[Dataset items]
##########

(* Let $t_f>0$, let $S\subset\mathbb R^3$ be a finite set of source points and $C$ a finite set of $N_C\ge1$ QBX centers, each $c\in C$ having an expansion radius $r_c>0$ and being owned by a box $b_c$ of an octree with $c\in b_c$. Define $M_C:=\frac1{N_C}\sum_{c\in C}\big|S\cap\{x:|x-c|_\infty\le4\sqrt3\,r_c/t_f\}\big|$. Then the number of pairs $(s,c)\in S\times C$ such that $c$ is suspended in $b_c$ and $s$ lies in the $2$-near neighborhood of $b_c$ is at most $N_CM_C$.
   Context: An octree is a rooted tree of axis-aligned closed cubes ("boxes") in $\mathbb R^3$. For a box $b$, $|b|$ denotes its $\ell^\infty$ radius and $c_b$ its center. The $k$-near neighborhood of $b$ is the closed cube $\{x:|x-c_b|_\infty\le|b|(1+2k)\}$. $\mathsf{TCR}(b)$ is the closed Euclidean ball of radius $\sqrt3|b|(1+t_f)$ centered at $c_b$. A center $c\in b$ with radius $r_c$ is suspended in $b$ if for every one of the eight cubes $b'$ of radius $|b|/2$ obtained by bisecting $b$ along each axis that contains $c$, the closed Euclidean ball $\{x:|x-c|_2\le r_c\}$ is not contained in $\mathsf{TCR}(b')$. *)

theory Defs
  imports "HOL-Analysis.Analysis"
begin

text \<open>A box (axis-aligned closed cube) in R^3 is represented by its center and its
  l-infinity radius.\<close>
type_synonym box = "(real^3) \<times> real"

definition box_center :: "box \<Rightarrow> real^3" where "box_center b = fst b"
definition box_radius :: "box \<Rightarrow> real" where "box_radius b = snd b"

definition box_set :: "box \<Rightarrow> (real^3) set" where
  "box_set b = {x. infnorm (x - box_center b) \<le> box_radius b}"

definition near_nbhd :: "real \<Rightarrow> box \<Rightarrow> (real^3) set" where
  "near_nbhd k b = {x. infnorm (x - box_center b) \<le> box_radius b * (1 + 2 * k)}"

definition TCR :: "real \<Rightarrow> box \<Rightarrow> (real^3) set" where
  "TCR t_f b = cball (box_center b) (sqrt 3 * box_radius b * (1 + t_f))"

definition children :: "box \<Rightarrow> box set" where
  "children b = {(box_center b + (box_radius b / 2) *\<^sub>R \<sigma>, box_radius b / 2) | \<sigma>::real^3.
                   \<forall>i. \<sigma> $ i \<in> {-1, 1}}"

definition suspended :: "real \<Rightarrow> real^3 \<Rightarrow> real \<Rightarrow> box \<Rightarrow> bool" where
  "suspended t_f c r_c b \<longleftrightarrow> c \<in> box_set b \<and>
     (\<forall>b'\<in>children b. c \<in> box_set b' \<longrightarrow> \<not> (cball c r_c \<subseteq> TCR t_f b'))"

definition M_C :: "real \<Rightarrow> (real^3) set \<Rightarrow> (real^3) set \<Rightarrow> (real^3 \<Rightarrow> real) \<Rightarrow> real" where
  "M_C t_f S C r = (1 / real (card C)) *
     (\<Sum>c\<in>C. real (card (S \<inter> {x. infnorm (x - c) \<le> 4 * sqrt 3 * r c / t_f})))"

end

theory Submission
  imports Defs
begin

text \<open>If \<open>r\<^sub>c \<le> \<surd>3 |b| t\<^sub>f / 2\<close>, the ball of radius \<open>r\<^sub>c\<close> around \<open>c\<close> lies in the target
  confinement region of the child of \<open>b\<close> containing \<open>c\<close>; so a suspended center has
  \<open>r\<^sub>c > \<surd>3 |b| t\<^sub>f / 2\<close>. The 2-near neighborhood of \<open>b\<close> lies within \<open>\<ell>\<^sup>\<infinity>\<close>-distance \<open>6|b|\<close>
  of \<open>c\<close>, hence within \<open>4\<surd>3 r\<^sub>c / t\<^sub>f\<close>. Counting the pairs center by center then bounds
  their number by \<open>\<Sum>\<^sub>c |S \<inter> {x. |x - c|\<^sub>\<infinity> \<le> 4\<surd>3 r\<^sub>c / t\<^sub>f}| = N\<^sub>C M\<^sub>C\<close>.\<close>

lemma infnorm_le_cart: "(\<And>i. \<bar>(x::real^'n) $ i\<bar> \<le> a) \<Longrightarrow> infnorm x \<le> a"
  unfolding infnorm_cart by (rule cSup_least) auto

lemma norm_le_sqrt3_infnorm: "norm (x::real^3) \<le> sqrt 3 * infnorm x"
  using norm_le_infnorm[of x] by simp

lemma child_containing:
  assumes "c \<in> box_set b"
  obtains b' where "b' \<in> children b" "c \<in> box_set b'" "box_radius b' = box_radius b / 2"
proof -
  define R where "R = box_radius b"
  define cb where "cb = box_center b"
  define \<sigma> :: "real^3" where "\<sigma> = (\<chi> i. if cb $ i \<le> c $ i then 1 else -1)"
  define b' where "b' = (cb + (R/2) *\<^sub>R \<sigma>, R/2)"
  have "b' \<in> children b"
    unfolding children_def b'_def R_def cb_def \<sigma>_def by (rule CollectI, rule exI) auto
  moreover have "infnorm (c - (cb + (R/2) *\<^sub>R \<sigma>)) \<le> R/2"
  proof (rule infnorm_le_cart)
    fix i
    have "\<bar>(c - cb) $ i\<bar> \<le> R"
      using component_le_infnorm_cart[of "c - cb" i] assms
      unfolding box_set_def R_def cb_def by simp
    then show "\<bar>(c - (cb + (R/2) *\<^sub>R \<sigma>)) $ i\<bar> \<le> R/2"
      unfolding \<sigma>_def by (auto simp: abs_if)
  qed
  then have "c \<in> box_set b'"
    unfolding box_set_def b'_def box_center_def box_radius_def by simp
  moreover have "box_radius b' = box_radius b / 2"
    unfolding b'_def R_def box_radius_def by simp
  ultimately show thesis by (rule that)
qed

lemma cball_subset_TCR:
  assumes "c \<in> box_set b" and "r \<le> sqrt 3 * box_radius b * t_f"
  shows "cball c r \<subseteq> TCR t_f b"
proof
  fix y assume y: "y \<in> cball c r"
  have "dist (box_center b) c = norm (c - box_center b)"
    by (simp add: dist_norm norm_minus_commute)
  also have "\<dots> \<le> sqrt 3 * infnorm (c - box_center b)"
    by (rule norm_le_sqrt3_infnorm)
  also have "\<dots> \<le> sqrt 3 * box_radius b"
    using assms(1) unfolding box_set_def by (simp add: mult_left_mono)
  finally have "dist (box_center b) y \<le> sqrt 3 * box_radius b + r"
    using dist_triangle[of "box_center b" y c] y by simp
  also have "\<dots> \<le> sqrt 3 * box_radius b * (1 + t_f)"
    using assms(2) by (simp add: algebra_simps)
  finally show "y \<in> TCR t_f b" unfolding TCR_def by simp
qed

lemma suspended_radius_gt:
  assumes "suspended t_f c r b"
  shows "sqrt 3 * box_radius b * t_f / 2 < r"
proof (rule ccontr)
  assume "\<not> ?thesis"
  from assms have "c \<in> box_set b" unfolding suspended_def by simp
  then obtain b' where b': "b' \<in> children b" "c \<in> box_set b'" "box_radius b' = box_radius b / 2"
    by (rule child_containing)
  moreover from \<open>\<not> ?thesis\<close> have "r \<le> sqrt 3 * box_radius b' * t_f"
    by (simp add: b'(3))
  ultimately have "cball c r \<subseteq> TCR t_f b'"
    by (intro cball_subset_TCR) auto
  with assms b' show False unfolding suspended_def by blast
qed

lemma near_nbhd_infnorm_le:
  assumes "c \<in> box_set b" and "x \<in> near_nbhd k b"
  shows "infnorm (x - c) \<le> 2 * (1 + k) * box_radius b"
proof -
  have "infnorm (x - c) \<le> infnorm (x - box_center b) + infnorm (c - box_center b)"
    using infnorm_triangle[of "x - box_center b" "box_center b - c"]
    by (simp add: infnorm_sub[of "box_center b"])
  also have "\<dots> \<le> box_radius b * (1 + 2 * k) + box_radius b"
    using assms unfolding box_set_def near_nbhd_def by (intro add_mono) auto
  finally show ?thesis by (simp add: algebra_simps)
qed

lemma suspended_near_nbhd_infnorm_le:
  assumes "t_f > 0" and "suspended t_f c r b" and "x \<in> near_nbhd 2 b"
  shows "infnorm (x - c) \<le> 4 * sqrt 3 * r / t_f"
proof -
  have "c \<in> box_set b" using assms(2) unfolding suspended_def by simp
  then have "infnorm (x - c) \<le> 6 * box_radius b"
    using near_nbhd_infnorm_le[OF _ assms(3)] by simp
  also have "6 * box_radius b = 4 * sqrt 3 * (sqrt 3 * box_radius b * t_f / 2) / t_f"
    using assms(1) by (simp add: field_simps)
  also have "\<dots> \<le> 4 * sqrt 3 * r / t_f"
    using suspended_radius_gt[OF assms(2)] assms(1)
    by (intro divide_right_mono mult_left_mono less_imp_le) auto
  finally show ?thesis .
qed

lemma card_product_filter_eq_sum:
  assumes "finite S" and "finite C"
  shows "card {(s, c) \<in> S \<times> C. P s c} = (\<Sum>c\<in>C. card {s \<in> S. P s c})"
proof -
  have "{(s, c) \<in> S \<times> C. P s c} = prod.swap ` (SIGMA c:C. {s \<in> S. P s c})"
    by force
  then have "card {(s, c) \<in> S \<times> C. P s c} = card (SIGMA c:C. {s \<in> S. P s c})"
    by (simp add: card_image)
  also have "\<dots> = (\<Sum>c\<in>C. card {s \<in> S. P s c})"
    using assms by (simp add: card_SigmaI)
  finally show ?thesis .
qed

theorem mainTheorem5:
  fixes t_f :: real and S C :: "(real^3) set" and r :: "real^3 \<Rightarrow> real"
    and own :: "real^3 \<Rightarrow> box"
  assumes "t_f > 0"
    and "finite S" and "finite C" and "C \<noteq> {}"
    and "\<forall>c\<in>C. r c > 0"
    and "\<forall>c\<in>C. box_radius (own c) > 0"
    and "\<forall>c\<in>C. c \<in> box_set (own c)"
  shows "real (card {(s, c) \<in> S \<times> C. suspended t_f c (r c) (own c) \<and> s \<in> near_nbhd 2 (own c)})
           \<le> real (card C) * M_C t_f S C r"
proof -
  define T where "T c = S \<inter> {x. infnorm (x - c) \<le> 4 * sqrt 3 * r c / t_f}" for c
  have "card {(s, c) \<in> S \<times> C. suspended t_f c (r c) (own c) \<and> s \<in> near_nbhd 2 (own c)}
      = (\<Sum>c\<in>C. card {s \<in> S. suspended t_f c (r c) (own c) \<and> s \<in> near_nbhd 2 (own c)})"
    using assms(2,3) by (rule card_product_filter_eq_sum)
  also have "\<dots> \<le> (\<Sum>c\<in>C. card (T c))"
  proof (intro sum_mono card_mono)
    fix c
    show "finite (T c)" using assms(2) unfolding T_def by simp
    show "{s \<in> S. suspended t_f c (r c) (own c) \<and> s \<in> near_nbhd 2 (own c)} \<subseteq> T c"
    proof
      fix s assume "s \<in> {s \<in> S. suspended t_f c (r c) (own c) \<and> s \<in> near_nbhd 2 (own c)}"
      then have "s \<in> S" and susp: "suspended t_f c (r c) (own c)"
        and near: "s \<in> near_nbhd 2 (own c)"
        by auto
      moreover have "infnorm (s - c) \<le> 4 * sqrt 3 * r c / t_f"
        by (rule suspended_near_nbhd_infnorm_le[OF assms(1) susp near])
      ultimately show "s \<in> T c" unfolding T_def by simp
    qed
  qed
  finally have "real (card {(s, c) \<in> S \<times> C. suspended t_f c (r c) (own c) \<and> s \<in> near_nbhd 2 (own c)})
      \<le> real (\<Sum>c\<in>C. card (T c))"
    by (simp only: of_nat_le_iff)
  also have "\<dots> = real (card C) * M_C t_f S C r"
    unfolding M_C_def T_def using assms(3,4) by simp
  finally show ?thesis .
qed

end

##########

● What you should do
For each line above that includes "imports", make a copy.

● Task result
  imports "HOL-Analysis.Analysis"
  imports Defs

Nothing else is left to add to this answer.